RECORDS FOR THE EXERCISE>
========================
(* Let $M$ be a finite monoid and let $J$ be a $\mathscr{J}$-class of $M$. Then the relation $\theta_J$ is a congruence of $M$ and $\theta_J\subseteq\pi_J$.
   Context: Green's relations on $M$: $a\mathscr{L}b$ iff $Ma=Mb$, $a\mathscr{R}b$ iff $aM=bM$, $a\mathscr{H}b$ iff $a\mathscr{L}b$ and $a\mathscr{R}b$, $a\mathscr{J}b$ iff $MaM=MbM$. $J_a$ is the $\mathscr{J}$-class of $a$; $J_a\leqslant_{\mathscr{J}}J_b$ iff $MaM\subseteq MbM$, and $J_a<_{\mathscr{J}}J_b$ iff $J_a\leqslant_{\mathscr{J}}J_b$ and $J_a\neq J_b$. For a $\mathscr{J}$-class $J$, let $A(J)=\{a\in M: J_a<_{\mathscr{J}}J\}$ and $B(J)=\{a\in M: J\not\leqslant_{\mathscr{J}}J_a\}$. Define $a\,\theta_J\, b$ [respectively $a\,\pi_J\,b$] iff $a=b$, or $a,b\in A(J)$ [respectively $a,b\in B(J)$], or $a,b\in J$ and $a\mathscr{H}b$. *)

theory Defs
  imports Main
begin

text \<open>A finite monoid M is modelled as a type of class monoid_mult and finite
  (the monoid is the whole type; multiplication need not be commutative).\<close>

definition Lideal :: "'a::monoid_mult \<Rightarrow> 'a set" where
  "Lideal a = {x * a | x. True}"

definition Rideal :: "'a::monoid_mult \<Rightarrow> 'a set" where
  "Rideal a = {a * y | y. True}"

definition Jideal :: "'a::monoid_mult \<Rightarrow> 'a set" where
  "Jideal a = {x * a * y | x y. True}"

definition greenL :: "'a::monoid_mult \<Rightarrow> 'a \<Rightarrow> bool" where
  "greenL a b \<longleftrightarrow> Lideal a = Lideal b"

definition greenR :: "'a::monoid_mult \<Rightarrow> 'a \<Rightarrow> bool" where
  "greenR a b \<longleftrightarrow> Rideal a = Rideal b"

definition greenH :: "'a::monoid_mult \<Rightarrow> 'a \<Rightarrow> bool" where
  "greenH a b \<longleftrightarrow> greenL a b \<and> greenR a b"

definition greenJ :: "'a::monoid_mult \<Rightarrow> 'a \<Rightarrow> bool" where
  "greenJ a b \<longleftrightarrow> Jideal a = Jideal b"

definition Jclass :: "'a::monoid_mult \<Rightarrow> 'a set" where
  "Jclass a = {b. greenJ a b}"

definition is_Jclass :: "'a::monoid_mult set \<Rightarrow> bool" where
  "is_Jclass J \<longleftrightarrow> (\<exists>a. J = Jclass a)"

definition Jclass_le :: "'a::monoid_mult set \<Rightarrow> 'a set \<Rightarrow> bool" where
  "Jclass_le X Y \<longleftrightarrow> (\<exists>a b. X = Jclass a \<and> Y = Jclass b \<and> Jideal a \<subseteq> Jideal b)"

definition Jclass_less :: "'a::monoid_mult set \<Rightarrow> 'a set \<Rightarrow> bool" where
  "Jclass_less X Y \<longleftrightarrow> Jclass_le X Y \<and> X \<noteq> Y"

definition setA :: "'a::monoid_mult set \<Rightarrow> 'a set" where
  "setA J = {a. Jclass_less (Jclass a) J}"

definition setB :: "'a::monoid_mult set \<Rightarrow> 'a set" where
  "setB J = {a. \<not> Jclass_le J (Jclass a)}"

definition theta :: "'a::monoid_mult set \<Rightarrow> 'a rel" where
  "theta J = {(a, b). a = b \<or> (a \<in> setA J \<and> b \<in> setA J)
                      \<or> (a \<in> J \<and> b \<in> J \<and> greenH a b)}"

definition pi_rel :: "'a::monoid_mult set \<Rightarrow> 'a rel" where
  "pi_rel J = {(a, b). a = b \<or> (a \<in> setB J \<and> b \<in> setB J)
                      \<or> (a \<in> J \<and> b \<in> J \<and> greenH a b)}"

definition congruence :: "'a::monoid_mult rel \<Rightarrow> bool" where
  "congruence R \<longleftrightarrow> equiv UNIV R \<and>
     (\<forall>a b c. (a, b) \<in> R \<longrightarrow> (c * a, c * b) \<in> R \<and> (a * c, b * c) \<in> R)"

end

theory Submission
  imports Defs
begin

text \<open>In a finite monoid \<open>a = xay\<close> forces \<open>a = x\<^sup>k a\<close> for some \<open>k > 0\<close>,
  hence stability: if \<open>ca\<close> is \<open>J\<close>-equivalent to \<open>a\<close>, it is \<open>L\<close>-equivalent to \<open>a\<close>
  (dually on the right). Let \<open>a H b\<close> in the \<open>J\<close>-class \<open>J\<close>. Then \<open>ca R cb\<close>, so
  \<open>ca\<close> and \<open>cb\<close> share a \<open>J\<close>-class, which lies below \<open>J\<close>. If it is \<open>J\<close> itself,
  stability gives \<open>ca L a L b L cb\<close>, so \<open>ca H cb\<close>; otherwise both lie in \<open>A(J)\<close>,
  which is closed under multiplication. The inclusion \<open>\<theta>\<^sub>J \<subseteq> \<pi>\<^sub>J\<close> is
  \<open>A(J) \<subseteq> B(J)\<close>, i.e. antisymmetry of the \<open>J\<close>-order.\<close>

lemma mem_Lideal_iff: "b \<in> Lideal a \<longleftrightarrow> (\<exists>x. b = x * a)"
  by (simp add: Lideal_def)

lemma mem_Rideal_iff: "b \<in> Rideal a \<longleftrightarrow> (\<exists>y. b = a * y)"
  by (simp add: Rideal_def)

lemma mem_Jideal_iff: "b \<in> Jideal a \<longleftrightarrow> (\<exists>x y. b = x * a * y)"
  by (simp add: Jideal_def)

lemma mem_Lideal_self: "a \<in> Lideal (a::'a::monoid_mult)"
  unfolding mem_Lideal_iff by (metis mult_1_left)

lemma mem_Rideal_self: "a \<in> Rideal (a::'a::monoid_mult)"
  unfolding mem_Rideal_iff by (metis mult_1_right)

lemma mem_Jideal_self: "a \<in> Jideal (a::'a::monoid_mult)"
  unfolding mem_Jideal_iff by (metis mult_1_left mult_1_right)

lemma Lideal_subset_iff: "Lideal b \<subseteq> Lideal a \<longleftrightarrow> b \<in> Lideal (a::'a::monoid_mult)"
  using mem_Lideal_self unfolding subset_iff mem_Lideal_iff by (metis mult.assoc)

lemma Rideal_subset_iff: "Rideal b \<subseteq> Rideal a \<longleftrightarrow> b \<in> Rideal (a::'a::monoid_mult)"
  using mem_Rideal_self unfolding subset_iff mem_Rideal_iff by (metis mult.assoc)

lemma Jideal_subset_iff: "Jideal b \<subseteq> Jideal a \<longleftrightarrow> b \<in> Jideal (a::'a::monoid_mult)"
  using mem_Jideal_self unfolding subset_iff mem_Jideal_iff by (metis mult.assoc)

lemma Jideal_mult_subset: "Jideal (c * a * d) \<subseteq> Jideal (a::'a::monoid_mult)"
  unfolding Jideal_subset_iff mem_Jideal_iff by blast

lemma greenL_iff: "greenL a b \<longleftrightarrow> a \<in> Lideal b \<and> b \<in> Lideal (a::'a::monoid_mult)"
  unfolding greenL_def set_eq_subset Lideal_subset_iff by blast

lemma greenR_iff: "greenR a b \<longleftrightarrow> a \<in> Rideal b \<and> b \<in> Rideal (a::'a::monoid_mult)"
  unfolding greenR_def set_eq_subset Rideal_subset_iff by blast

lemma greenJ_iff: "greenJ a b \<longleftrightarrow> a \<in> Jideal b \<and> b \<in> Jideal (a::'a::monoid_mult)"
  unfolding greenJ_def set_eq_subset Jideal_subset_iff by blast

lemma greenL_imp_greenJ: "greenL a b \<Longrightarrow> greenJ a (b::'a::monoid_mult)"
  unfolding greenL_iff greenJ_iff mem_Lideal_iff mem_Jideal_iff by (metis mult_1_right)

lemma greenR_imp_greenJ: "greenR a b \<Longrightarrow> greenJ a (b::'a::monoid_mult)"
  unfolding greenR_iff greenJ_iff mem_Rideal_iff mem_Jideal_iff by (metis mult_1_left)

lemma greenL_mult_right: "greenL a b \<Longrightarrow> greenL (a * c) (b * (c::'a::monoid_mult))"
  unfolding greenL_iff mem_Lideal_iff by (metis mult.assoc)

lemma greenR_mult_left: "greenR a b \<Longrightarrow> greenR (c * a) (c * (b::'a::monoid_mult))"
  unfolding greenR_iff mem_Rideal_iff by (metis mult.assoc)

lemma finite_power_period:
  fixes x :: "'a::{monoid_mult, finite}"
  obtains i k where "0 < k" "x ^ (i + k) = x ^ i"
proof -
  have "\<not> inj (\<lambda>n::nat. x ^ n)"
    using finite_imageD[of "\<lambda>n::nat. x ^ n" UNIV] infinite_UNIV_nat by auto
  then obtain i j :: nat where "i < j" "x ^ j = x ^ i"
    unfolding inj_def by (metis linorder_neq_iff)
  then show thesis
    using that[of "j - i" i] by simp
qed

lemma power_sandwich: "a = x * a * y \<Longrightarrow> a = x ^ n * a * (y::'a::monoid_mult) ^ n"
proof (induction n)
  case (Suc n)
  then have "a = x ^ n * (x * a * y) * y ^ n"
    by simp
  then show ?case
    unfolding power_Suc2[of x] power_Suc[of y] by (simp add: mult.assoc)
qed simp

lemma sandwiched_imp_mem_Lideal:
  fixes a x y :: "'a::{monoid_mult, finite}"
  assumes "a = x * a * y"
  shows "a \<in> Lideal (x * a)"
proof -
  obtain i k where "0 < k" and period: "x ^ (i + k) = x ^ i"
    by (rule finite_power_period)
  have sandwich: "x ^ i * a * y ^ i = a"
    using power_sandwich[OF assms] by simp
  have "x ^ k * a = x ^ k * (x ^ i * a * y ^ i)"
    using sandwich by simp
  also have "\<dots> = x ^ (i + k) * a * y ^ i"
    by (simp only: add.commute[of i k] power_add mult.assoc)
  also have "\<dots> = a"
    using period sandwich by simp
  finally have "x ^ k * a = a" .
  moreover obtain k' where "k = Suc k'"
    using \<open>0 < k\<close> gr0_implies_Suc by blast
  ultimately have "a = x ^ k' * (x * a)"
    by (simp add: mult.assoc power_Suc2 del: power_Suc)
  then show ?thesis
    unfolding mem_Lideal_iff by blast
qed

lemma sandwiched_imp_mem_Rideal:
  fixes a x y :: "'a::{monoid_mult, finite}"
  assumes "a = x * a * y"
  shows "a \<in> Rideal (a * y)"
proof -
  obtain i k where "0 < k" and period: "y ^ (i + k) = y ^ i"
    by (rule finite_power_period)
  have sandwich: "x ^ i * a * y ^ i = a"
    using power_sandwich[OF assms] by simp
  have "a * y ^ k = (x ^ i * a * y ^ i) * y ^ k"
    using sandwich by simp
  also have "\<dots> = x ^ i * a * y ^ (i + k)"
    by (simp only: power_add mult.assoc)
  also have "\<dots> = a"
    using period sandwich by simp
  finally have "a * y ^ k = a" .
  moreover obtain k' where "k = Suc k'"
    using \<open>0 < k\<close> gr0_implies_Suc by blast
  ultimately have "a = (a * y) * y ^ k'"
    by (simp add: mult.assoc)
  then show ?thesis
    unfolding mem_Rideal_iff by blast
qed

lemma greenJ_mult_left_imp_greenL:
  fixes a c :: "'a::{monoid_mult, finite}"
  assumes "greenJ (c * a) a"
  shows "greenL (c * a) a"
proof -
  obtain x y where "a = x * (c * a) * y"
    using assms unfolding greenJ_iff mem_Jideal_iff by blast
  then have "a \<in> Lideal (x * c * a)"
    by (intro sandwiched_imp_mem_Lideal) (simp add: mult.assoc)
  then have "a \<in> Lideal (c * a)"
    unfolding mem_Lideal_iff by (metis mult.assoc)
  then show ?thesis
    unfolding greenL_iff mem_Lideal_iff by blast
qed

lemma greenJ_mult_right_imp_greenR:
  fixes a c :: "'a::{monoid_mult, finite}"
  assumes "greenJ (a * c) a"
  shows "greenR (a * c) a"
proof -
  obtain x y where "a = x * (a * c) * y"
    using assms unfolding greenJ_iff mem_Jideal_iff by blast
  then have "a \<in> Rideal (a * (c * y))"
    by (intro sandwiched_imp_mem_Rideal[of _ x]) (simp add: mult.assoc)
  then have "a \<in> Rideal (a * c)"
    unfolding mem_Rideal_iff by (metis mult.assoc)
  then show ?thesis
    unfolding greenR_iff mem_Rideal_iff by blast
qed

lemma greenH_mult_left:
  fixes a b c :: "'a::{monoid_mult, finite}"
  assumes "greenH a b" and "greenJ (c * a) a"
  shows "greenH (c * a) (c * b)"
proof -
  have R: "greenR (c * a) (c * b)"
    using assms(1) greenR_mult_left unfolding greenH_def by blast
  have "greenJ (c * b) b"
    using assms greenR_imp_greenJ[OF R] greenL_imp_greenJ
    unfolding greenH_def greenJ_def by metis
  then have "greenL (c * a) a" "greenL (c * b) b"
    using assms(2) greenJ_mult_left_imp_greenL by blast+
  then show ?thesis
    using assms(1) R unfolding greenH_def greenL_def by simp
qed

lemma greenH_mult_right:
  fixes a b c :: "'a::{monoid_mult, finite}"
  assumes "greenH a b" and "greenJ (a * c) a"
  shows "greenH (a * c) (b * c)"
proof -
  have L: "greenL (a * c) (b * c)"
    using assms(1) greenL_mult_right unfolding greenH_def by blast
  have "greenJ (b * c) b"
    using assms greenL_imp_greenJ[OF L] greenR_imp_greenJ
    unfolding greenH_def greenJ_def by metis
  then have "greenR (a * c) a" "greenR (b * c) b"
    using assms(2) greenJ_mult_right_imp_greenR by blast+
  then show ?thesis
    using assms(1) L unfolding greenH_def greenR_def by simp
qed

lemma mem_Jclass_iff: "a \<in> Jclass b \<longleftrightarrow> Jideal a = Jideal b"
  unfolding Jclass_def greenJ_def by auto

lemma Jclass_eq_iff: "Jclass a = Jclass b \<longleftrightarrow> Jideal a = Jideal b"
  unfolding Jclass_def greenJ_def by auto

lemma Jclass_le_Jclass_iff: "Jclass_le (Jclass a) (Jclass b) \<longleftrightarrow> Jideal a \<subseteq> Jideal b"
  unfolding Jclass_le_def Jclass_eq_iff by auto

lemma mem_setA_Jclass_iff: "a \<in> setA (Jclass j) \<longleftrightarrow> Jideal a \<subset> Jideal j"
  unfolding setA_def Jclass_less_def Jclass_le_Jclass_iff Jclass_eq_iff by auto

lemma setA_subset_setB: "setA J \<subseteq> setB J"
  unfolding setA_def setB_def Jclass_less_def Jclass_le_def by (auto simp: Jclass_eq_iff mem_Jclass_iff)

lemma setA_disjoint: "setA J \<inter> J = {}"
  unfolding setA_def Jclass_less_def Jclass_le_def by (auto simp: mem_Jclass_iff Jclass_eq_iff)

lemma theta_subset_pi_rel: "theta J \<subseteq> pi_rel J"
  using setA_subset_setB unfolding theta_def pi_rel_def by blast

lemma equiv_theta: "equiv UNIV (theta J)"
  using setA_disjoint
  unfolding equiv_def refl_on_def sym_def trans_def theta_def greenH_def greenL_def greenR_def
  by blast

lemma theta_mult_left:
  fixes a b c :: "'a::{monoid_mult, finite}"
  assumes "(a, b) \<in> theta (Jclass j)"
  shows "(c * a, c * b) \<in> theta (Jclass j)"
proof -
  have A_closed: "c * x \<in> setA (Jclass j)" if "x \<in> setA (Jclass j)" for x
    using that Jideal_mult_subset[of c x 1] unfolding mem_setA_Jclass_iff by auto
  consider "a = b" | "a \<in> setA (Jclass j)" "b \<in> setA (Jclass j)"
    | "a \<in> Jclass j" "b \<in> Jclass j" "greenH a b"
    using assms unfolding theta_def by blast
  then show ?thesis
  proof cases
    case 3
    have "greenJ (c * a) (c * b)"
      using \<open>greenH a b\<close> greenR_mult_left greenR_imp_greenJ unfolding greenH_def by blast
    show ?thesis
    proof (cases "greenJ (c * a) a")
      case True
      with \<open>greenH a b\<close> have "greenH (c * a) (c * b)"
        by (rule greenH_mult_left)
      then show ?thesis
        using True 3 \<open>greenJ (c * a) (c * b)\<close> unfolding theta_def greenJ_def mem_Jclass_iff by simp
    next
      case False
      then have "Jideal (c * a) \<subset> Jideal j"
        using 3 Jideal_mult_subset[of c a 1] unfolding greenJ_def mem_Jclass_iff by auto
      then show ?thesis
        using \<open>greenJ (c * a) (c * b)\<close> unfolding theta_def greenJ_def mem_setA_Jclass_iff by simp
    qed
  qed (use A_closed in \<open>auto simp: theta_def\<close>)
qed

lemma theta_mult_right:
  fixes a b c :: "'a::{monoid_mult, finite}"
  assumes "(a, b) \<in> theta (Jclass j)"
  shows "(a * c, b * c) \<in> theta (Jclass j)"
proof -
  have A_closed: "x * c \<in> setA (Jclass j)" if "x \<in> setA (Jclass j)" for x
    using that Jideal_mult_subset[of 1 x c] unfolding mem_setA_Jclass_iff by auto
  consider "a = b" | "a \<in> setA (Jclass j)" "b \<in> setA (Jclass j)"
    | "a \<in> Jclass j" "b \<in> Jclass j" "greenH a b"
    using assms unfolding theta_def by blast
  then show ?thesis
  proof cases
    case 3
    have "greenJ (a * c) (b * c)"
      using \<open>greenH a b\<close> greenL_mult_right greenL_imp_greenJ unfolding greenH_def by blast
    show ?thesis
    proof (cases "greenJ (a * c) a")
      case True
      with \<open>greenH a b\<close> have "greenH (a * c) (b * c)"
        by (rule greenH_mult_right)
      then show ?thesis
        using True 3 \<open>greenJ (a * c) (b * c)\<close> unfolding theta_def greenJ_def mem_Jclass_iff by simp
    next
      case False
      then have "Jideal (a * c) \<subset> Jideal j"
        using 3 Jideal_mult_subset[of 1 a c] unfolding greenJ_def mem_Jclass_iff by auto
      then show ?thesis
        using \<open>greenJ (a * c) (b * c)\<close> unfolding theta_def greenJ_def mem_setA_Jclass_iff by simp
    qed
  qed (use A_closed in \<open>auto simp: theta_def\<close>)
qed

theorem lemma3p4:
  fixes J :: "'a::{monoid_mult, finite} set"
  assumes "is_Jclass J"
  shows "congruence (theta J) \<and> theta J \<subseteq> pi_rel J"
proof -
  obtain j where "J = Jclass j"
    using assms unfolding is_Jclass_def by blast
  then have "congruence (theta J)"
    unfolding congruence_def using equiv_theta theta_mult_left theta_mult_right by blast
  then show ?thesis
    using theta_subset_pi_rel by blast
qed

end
========================
PROBLEM REQUIREMENTS> Your response should be the lines of the entries above that include the string "stability".

TASK ANSWER>
  hence stability: if \<open>ca\<close> is \<open>J\<close>-equivalent to \<open>a\<close>, it is \<open>L\<close>-equivalent to \<open>a\<close>
  stability gives \<open>ca L a L b L cb\<close>, so \<open>ca H cb\<close>; otherwise both lie in \<open>A(J)\<close>,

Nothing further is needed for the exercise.